(Stored data entries)
[Start of section]
lemma two_regular_graphs_on_four_vertices:
  assumes "simple_graph 4 E" "\<And>v. v < 4 \<Longrightarrow> degree E v = 2"
  shows "E = cycle_edges [0, 1, 2, 3] \<or> E = cycle_edges [0, 1, 3, 2] \<or> E = cycle_edges [0, 2, 1, 3]"
proof -
  let ?ps = "[{0, 1}, {0, 2}, {0, 3}, {1, 2}, {1, 3}, {2, 3}] :: nat set list"
  have dist: "distinct ?ps" by (simp add: doubleton_eq_iff)
  have sub: "E \<subseteq> set ?ps"
  proof
    fix f assume "f \<in> E"
    then obtain u v where "f = {u, v}" "u < 4" "v < 4" "u \<noteq> v"
      using assms(1) unfolding simple_graph_def by blast
    then show "f \<in> set ?ps" by (auto simp: eval_nat_numeral less_Suc_eq doubleton_eq_iff)
  qed
  have "length (filter (\<lambda>p. v \<in> p \<and> p \<in> E) ?ps) = 2" if "v < 4" for v
    using assms(2)[OF that] degree_eq_length_filter[OF sub dist] by simp
  from this[of 0] this[of 1] this[of 2] this[of 3]
  have "filter (\<lambda>p. p \<in> E) ?ps \<in>
    {[{0, 1}, {0, 3}, {1, 2}, {2, 3}], [{0, 1}, {0, 2}, {1, 3}, {2, 3}], [{0, 2}, {0, 3}, {1, 2}, {1, 3}]}"
    by (cases "{0, 1} \<in> E"; cases "{0, 2} \<in> E"; cases "{0, 3} \<in> E";
        cases "{1, 2} \<in> E"; cases "{1, 3} \<in> E"; cases "{2, 3} \<in> E"; simp)
  moreover have "E = set (filter (\<lambda>p. p \<in> E) ?ps)"
    using sub unfolding set_filter by blast
  ultimately obtain xs where "E = set xs" and
    "xs \<in> {[{0, 1}, {0, 3}, {1, 2}, {2, 3}], [{0, 1}, {0, 2}, {1, 3}, {2, 3}], [{0, 2}, {0, 3}, {1, 2}, {1, 3}]}"
    by metis
  then show ?thesis
    unfolding cycle_edges_4 by (elim insertE emptyE) (simp_all add: insert_commute)
qed

lemma forcibly_bipartite_unicyclic_bipartite:
  assumes "forcibly_bipartite_unicyclic d" "realization d E"
  shows "bipartite_graph (length d) E"
  using assms by (simp add: forcibly_bipartite_unicyclic_def bipartite_unicyclic_def)

lemma forcibly_bipartite_unicyclic_connected:
  assumes "forcibly_bipartite_unicyclic d" "realization d E"
  shows "connected_graph (length d) E"
  using assms by (simp add: forcibly_bipartite_unicyclic_def bipartite_unicyclic_def)
lemma bij_betw_del_value:
  assumes "0 < g" "g \<le> b"
  shows "bij_betw (del_value g) {k. k \<le> b \<and> k \<noteq> g} {k. k \<le> b - 1}"
proof (rule bij_betw_imageI)
  show "inj_on (del_value g) {k. k \<le> b \<and> k \<noteq> g}"
    by (simp add: inj_on_del_value)
  have "k \<in> del_value g ` {k. k \<le> b \<and> k \<noteq> g}" if "k \<le> b - 1" for k
  proof (cases "k < g")
    case True
    then show ?thesis using assms that by (intro image_eqI[of _ _ k]) (auto simp: del_value_def)
  next
    case False
    then show ?thesis using assms that by (intro image_eqI[of _ _ "Suc k"]) (auto simp: del_value_def)
  qed
  then show "del_value g ` {k. k \<le> b \<and> k \<noteq> g} = {k. k \<le> b - 1}"
    using assms by (auto simp: del_value_def)
qed

lemma ext_weight_delete_value:
  assumes "0 < g" "g \<le> b" "int g \<noteq> l" "g \<notin> M" "g \<in> V" "finite M"
  shows "ext_weight x u z v (\<lambda>k. k \<noteq> g) n (b, l, V, M) =
    ext_weight x u z v (\<lambda>_. True) n (b - 1, del_value_int g l, del_value g ` (V - {g}), del_value g ` M)"
proof (rule ext_weight_bisim[where h = "\<lambda>_. del_value g"])
  let ?R = "\<lambda>\<sigma> \<tau>. \<exists>b l V M. \<sigma> = (b, l, V, M) \<and> g \<le> b \<and> int g \<noteq> l \<and> g \<notin> M \<and> g \<in> V \<and> finite M
      \<and> \<tau> = (b - 1, del_value_int g l, del_value g ` (V - {g}), del_value g ` M)"
  show "?R (b, l, V, M) (b - 1, del_value_int g l, del_value g ` (V - {g}), del_value g ` M)"
    using assms by (intro exI conjI refl) auto
  fix \<sigma> \<tau> assume "?R \<sigma> \<tau>"
  then obtain b l V M where H: "\<sigma> = (b, l, V, M)" "g \<le> b" "int g \<noteq> l" "g \<notin> M" "g \<in> V" "finite M"
      "\<tau> = (b - 1, del_value_int g l, del_value g ` (V - {g}), del_value g ` M)" by blast
  show "card (minima \<sigma>) = card (minima \<tau>)"
    using H by (simp add: card_image inj_on_del_value)
  show "bij_betw (del_value g) (letters (\<lambda>k. k \<noteq> g) \<sigma>) (letters (\<lambda>_. True) \<tau>)"
    using H assms(1) bij_betw_del_value[of g b] by (simp add: letters_def)
  fix k assume "k \<in> letters (\<lambda>k. k \<noteq> g) \<sigma>"
  then have k: "k \<noteq> g" "k \<le> b" using H by (auto simp: letters_def)
  have ascent: "del_value_int g l < int (del_value g k) \<longleftrightarrow> l < int k"
    using H k by (auto simp: del_value_def del_value_int_def)
  have used: "del_value g k \<in> del_value g ` (V - {g}) \<longleftrightarrow> k \<in> V"
    using k del_value_inj by blast
  have zero: "del_value g k = 0 \<longleftrightarrow> k = 0"
    using assms(1) by (auto simp: del_value_def)
  have last: "del_value_int g (int k) = int (del_value g k)"
    using k by (auto simp: del_value_def del_value_int_def)
  show "step_weight x u z \<sigma> k = step_weight x u z \<tau> (del_value g k) \<and> ?R (step \<sigma> k) (step \<tau> (del_value g k))"
  proof
    show "step_weight x u z \<sigma> k = step_weight x u z \<tau> (del_value g k)"
      using H by (simp add: ascent used zero)
    have "1 \<le> b" using H assms(1) by simp
    show "?R (step \<sigma> k) (step \<tau> (del_value g k))"
    proof (intro exI conjI)
      show "step \<sigma> k = (if int k > l then Suc b else b, int k, insert k V, insert k {m \<in> M. m < k})"
        using H by simp
      show "step \<tau> (del_value g k) = ((if int k > l then Suc b else b) - 1, del_value_int g (int k),
          del_value g ` (insert k V - {g}), del_value g ` insert k {m \<in> M. m < k})"
        using H k \<open>1 \<le> b\<close> by (auto simp: ascent last del_value_image_filter insert_Diff_if)
    qed (use H k in auto)
  qed
qed

definition shift_down :: "nat \<Rightarrow> nat \<Rightarrow> nat" where
  "shift_down c k = k - Suc c"

lemma shift_down_less_iff: "c < a \<Longrightarrow> c < b \<Longrightarrow> shift_down c a < shift_down c b \<longleftrightarrow> a < b"
  by (auto simp: shift_down_def)

lemma shift_down_inj: "c < a \<Longrightarrow> c < b \<Longrightarrow> shift_down c a = shift_down c b \<Longrightarrow> a = b"
  by (simp add: shift_down_def)

lemma inj_on_shift_down: "\<forall>s\<in>S. c < s \<Longrightarrow> inj_on (shift_down c) S"
  using shift_down_inj by (metis inj_onI)

lemma shift_down_image_filter:
  assumes "\<forall>s\<in>S. c < s" "c < k"
  shows "shift_down c ` {s \<in> S. s < k} = {s \<in> shift_down c ` S. s < shift_down c k}"
  using assms shift_down_less_iff[of c _ k] by auto

lemma bij_betw_shift_down:
  assumes "c < b"
  shows "bij_betw (shift_down c) {k. k \<le> b \<and> c < k} {k. k \<le> b - Suc c}"
proof (rule bij_betw_imageI)
  show "inj_on (shift_down c) {k. k \<le> b \<and> c < k}"
    by (simp add: inj_on_shift_down)
  have "k \<in> shift_down c ` {k. k \<le> b \<and> c < k}" if "k \<le> b - Suc c" for k
    using that assms by (intro image_eqI[of _ _ "k + Suc c"]) (auto simp: shift_down_def)
  then show "shift_down c ` {k. k \<le> b \<and> c < k} = {k. k \<le> b - Suc c}"
    by (auto simp: shift_down_def)
qed

lemma ext_weight_shift_down:
  assumes "c < b" "int c \<le> l" "\<forall>m\<in>M. c < m" "finite M"
  shows "ext_weight x u z v (\<lambda>k. c < k) n (b, l, V, M) =
    ext_weight x u 1 v (\<lambda>_. True) n (b - Suc c, l - int (Suc c), shift_down c ` {k \<in> V. c < k}, shift_down c ` M)"
proof (rule ext_weight_bisim[where h = "\<lambda>_. shift_down c"])
  let ?R = "\<lambda>\<sigma> \<tau>. \<exists>b l V M. \<sigma> = (b, l, V, M) \<and> c < b \<and> int c \<le> l \<and> (\<forall>m\<in>M. c < m) \<and> finite M
      \<and> \<tau> = (b - Suc c, l - int (Suc c), shift_down c ` {k \<in> V. c < k}, shift_down c ` M)"
  show "?R (b, l, V, M) (b - Suc c, l - int (Suc c), shift_down c ` {k \<in> V. c < k}, shift_down c ` M)"
    using assms by (intro exI conjI refl) auto
  fix \<sigma> \<tau> assume "?R \<sigma> \<tau>"
  then obtain b l V M where H: "\<sigma> = (b, l, V, M)" "c < b" "int c \<le> l" "\<forall>m\<in>M. c < m" "finite M"
      "\<tau> = (b - Suc c, l - int (Suc c), shift_down c ` {k \<in> V. c < k}, shift_down c ` M)" by blast
  show "card (minima \<sigma>) = card (minima \<tau>)"
    using H by (simp add: card_image inj_on_shift_down)
  show "bij_betw (shift_down c) (letters (\<lambda>k. c < k) \<sigma>) (letters (\<lambda>_. True) \<tau>)"
    using H bij_betw_shift_down[of c b] by (simp add: letters_def)
  fix k assume "k \<in> letters (\<lambda>k. c < k) \<sigma>"
  then have k: "c < k" "k \<le> b" using H by (auto simp: letters_def)
  have used: "shift_down c k \<in> shift_down c ` {k \<in> V. c < k} \<longleftrightarrow> k \<in> V"
    using k shift_down_inj[of c k] by blast
  have ascent: "l - int (Suc c) < int (shift_down c k) \<longleftrightarrow> l < int k"
    using k by (auto simp: shift_down_def)
  show "step_weight x u z \<sigma> k = step_weight x u 1 \<tau> (shift_down c k) \<and> ?R (step \<sigma> k) (step \<tau> (shift_down c k))"
  proof
    show "step_weight x u z \<sigma> k = step_weight x u 1 \<tau> (shift_down c k)"
      using H k used ascent by simp
    show "?R (step \<sigma> k) (step \<tau> (shift_down c k))"
    proof (intro exI conjI)
      show "step \<sigma> k = (if int k > l then Suc b else b, int k, insert k V, insert k {m \<in> M. m < k})"
        using H by simp
      have "{k' \<in> insert k V. c < k'} = insert k {k \<in> V. c < k}" using k by auto
      then show "step \<tau> (shift_down c k) = ((if int k > l then Suc b else b) - Suc c, int k - int (Suc c),
          shift_down c ` {k' \<in> insert k V. c < k'}, shift_down c ` insert k {m \<in> M. m < k})"
        using H k ascent by (simp add: shift_down_image_filter Suc_diff_Suc) (simp add: shift_down_def)
    qed (use H k in auto)
  qed
qed

section \<open>Saturated states and the kernel relation\<close>

definition ext_gf :: "'a::field \<Rightarrow> 'a \<Rightarrow> 'a \<Rightarrow> 'a \<Rightarrow> (nat \<Rightarrow> bool) \<Rightarrow> state \<Rightarrow> 'a fps" where
  "ext_gf x u z v P \<sigma> = Abs_fps (\<lambda>n. ext_weight x u z v P n \<sigma>)"

lemma ext_gf_unfold:
  "ext_gf x u z v P \<sigma> = fps_const (v ^ card (minima \<sigma>))
     + fps_X * (\<Sum>k\<in>letters P \<sigma>. fps_const (step_weight x u z \<sigma> k) * ext_gf x u z v P (step \<sigma> k))"
proof (rule fps_ext)
  fix n
  show "ext_gf x u z v P \<sigma> $ n = (fps_const (v ^ card (minima \<sigma>))
     + fps_X * (\<Sum>k\<in>letters P \<sigma>. fps_const (step_weight x u z \<sigma> k) * ext_gf x u z v P (step \<sigma> k))) $ n"
    by (cases n) (simp_all add: ext_gf_def fps_X_mult_nth fps_sum_nth)
qed

text \<open>
  The state after \<open>0, 1, ..., b - 1, l\<close>. No ascent sequence reaches it for \<open>l = -1\<close>; that case
  is the boundary term of the telescoping sums below.
\<close>

definition saturated_state :: "nat \<Rightarrow> int \<Rightarrow> state" where
  "saturated_state b l = (b, l, {..<b}, {k. int k \<le> l})"

lemma saturated_state_nat: "saturated_state b (int j) = (b, int j, {..<b}, {..j})"
  by (auto simp: saturated_state_def)

lemma saturated_state_pred: "saturated_state b (int j - 1) = (b, int j - 1, {..<b}, {..<j})"
  by (auto simp: saturated_state_def)

abbreviation sat_gf :: "'a::field \<Rightarrow> 'a \<Rightarrow> 'a \<Rightarrow> 'a \<Rightarrow> nat \<Rightarrow> int \<Rightarrow> 'a fps" where
  "sat_gf x u z v b l \<equiv> ext_gf x u z v (\<lambda>_. True) (saturated_state b l)"

lemma sat_gf_empty: "sat_gf x u z v 0 (-1) = 1 + fps_X * fps_const (u * z) * sat_gf x u z v 1 0"
proof -
  have "letters (\<lambda>_. True) (saturated_state 0 (-1)) = {0}"
    by (auto simp: letters_def saturated_state_def)
  moreover have "step (saturated_state 0 (-1)) 0 = saturated_state 1 0"
    by (auto simp: saturated_state_def)
  ultimately show ?thesis
    by (subst ext_gf_unfold) (simp add: saturated_state_def algebra_simps)
qed

lemma sat_gf_last_top:
  "sat_gf x u z v (Suc a) (int a) = fps_const (v ^ Suc a) + fps_X *
     ((\<Sum>k<Suc a. fps_const (x * (if k = 0 then z else 1)) * sat_gf x u z v (Suc a) (int k))
      + fps_const u * sat_gf x u z v (Suc (Suc a)) (int (Suc a)))"
proof -
  let ?\<sigma> = "saturated_state (Suc a) (int a)"
  have "letters (\<lambda>_. True) ?\<sigma> = insert (Suc a) {..<Suc a}"
    by (auto simp: letters_def saturated_state_def)
  moreover have "card (minima ?\<sigma>) = Suc a"
    by (simp add: saturated_state_nat)
  moreover have "step_weight x u z ?\<sigma> (Suc a) = u"
    by (simp add: saturated_state_nat)
  moreover have "step ?\<sigma> (Suc a) = saturated_state (Suc (Suc a)) (int (Suc a))"
    by (simp only: saturated_state_nat step.simps) (auto simp: lessThan_Suc atMost_Suc)
  moreover have "(\<Sum>k<Suc a. fps_const (step_weight x u z ?\<sigma> k) * ext_gf x u z v (\<lambda>_. True) (step ?\<sigma> k)) =
      (\<Sum>k<Suc a. fps_const (x * (if k = 0 then z else 1)) * sat_gf x u z v (Suc a) (int k))"
  proof (rule sum.cong[OF refl])
    fix k assume "k \<in> {..<Suc a}"
    then have "step_weight x u z ?\<sigma> k = x * (if k = 0 then z else 1)"
      and "step ?\<sigma> k = saturated_state (Suc a) (int k)"
      by (simp_all only: saturated_state_nat step.simps) (auto simp: insert_absorb)
    then show "fps_const (step_weight x u z ?\<sigma> k) * ext_gf x u z v (\<lambda>_. True) (step ?\<sigma> k) =
        fps_const (x * (if k = 0 then z else 1)) * sat_gf x u z v (Suc a) (int k)" by simp
  qed
  ultimately show ?thesis
    by (subst ext_gf_unfold) (simp only: sum.insert finite_lessThan lessThan_iff less_irrefl
        not_False_eq_True add.commute)
qed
[End of section]
■ Work task
The lines above from the one containing "v (\<lambda>k. k" through the one containing "using k by (auto simp: del_value_def" are to be set down exactly, and no others.

■ Written answer
  shows "ext_weight x u z v (\<lambda>k. k \<noteq> g) n (b, l, V, M) =
    ext_weight x u z v (\<lambda>_. True) n (b - 1, del_value_int g l, del_value g ` (V - {g}), del_value g ` M)"
proof (rule ext_weight_bisim[where h = "\<lambda>_. del_value g"])
  let ?R = "\<lambda>\<sigma> \<tau>. \<exists>b l V M. \<sigma> = (b, l, V, M) \<and> g \<le> b \<and> int g \<noteq> l \<and> g \<notin> M \<and> g \<in> V \<and> finite M
      \<and> \<tau> = (b - 1, del_value_int g l, del_value g ` (V - {g}), del_value g ` M)"
  show "?R (b, l, V, M) (b - 1, del_value_int g l, del_value g ` (V - {g}), del_value g ` M)"
    using assms by (intro exI conjI refl) auto
  fix \<sigma> \<tau> assume "?R \<sigma> \<tau>"
  then obtain b l V M where H: "\<sigma> = (b, l, V, M)" "g \<le> b" "int g \<noteq> l" "g \<notin> M" "g \<in> V" "finite M"
      "\<tau> = (b - 1, del_value_int g l, del_value g ` (V - {g}), del_value g ` M)" by blast
  show "card (minima \<sigma>) = card (minima \<tau>)"
    using H by (simp add: card_image inj_on_del_value)
  show "bij_betw (del_value g) (letters (\<lambda>k. k \<noteq> g) \<sigma>) (letters (\<lambda>_. True) \<tau>)"
    using H assms(1) bij_betw_del_value[of g b] by (simp add: letters_def)
  fix k assume "k \<in> letters (\<lambda>k. k \<noteq> g) \<sigma>"
  then have k: "k \<noteq> g" "k \<le> b" using H by (auto simp: letters_def)
  have ascent: "del_value_int g l < int (del_value g k) \<longleftrightarrow> l < int k"
    using H k by (auto simp: del_value_def del_value_int_def)
  have used: "del_value g k \<in> del_value g ` (V - {g}) \<longleftrightarrow> k \<in> V"
    using k del_value_inj by blast
  have zero: "del_value g k = 0 \<longleftrightarrow> k = 0"
    using assms(1) by (auto simp: del_value_def)
  have last: "del_value_int g (int k) = int (del_value g k)"
    using k by (auto simp: del_value_def del_value_int_def)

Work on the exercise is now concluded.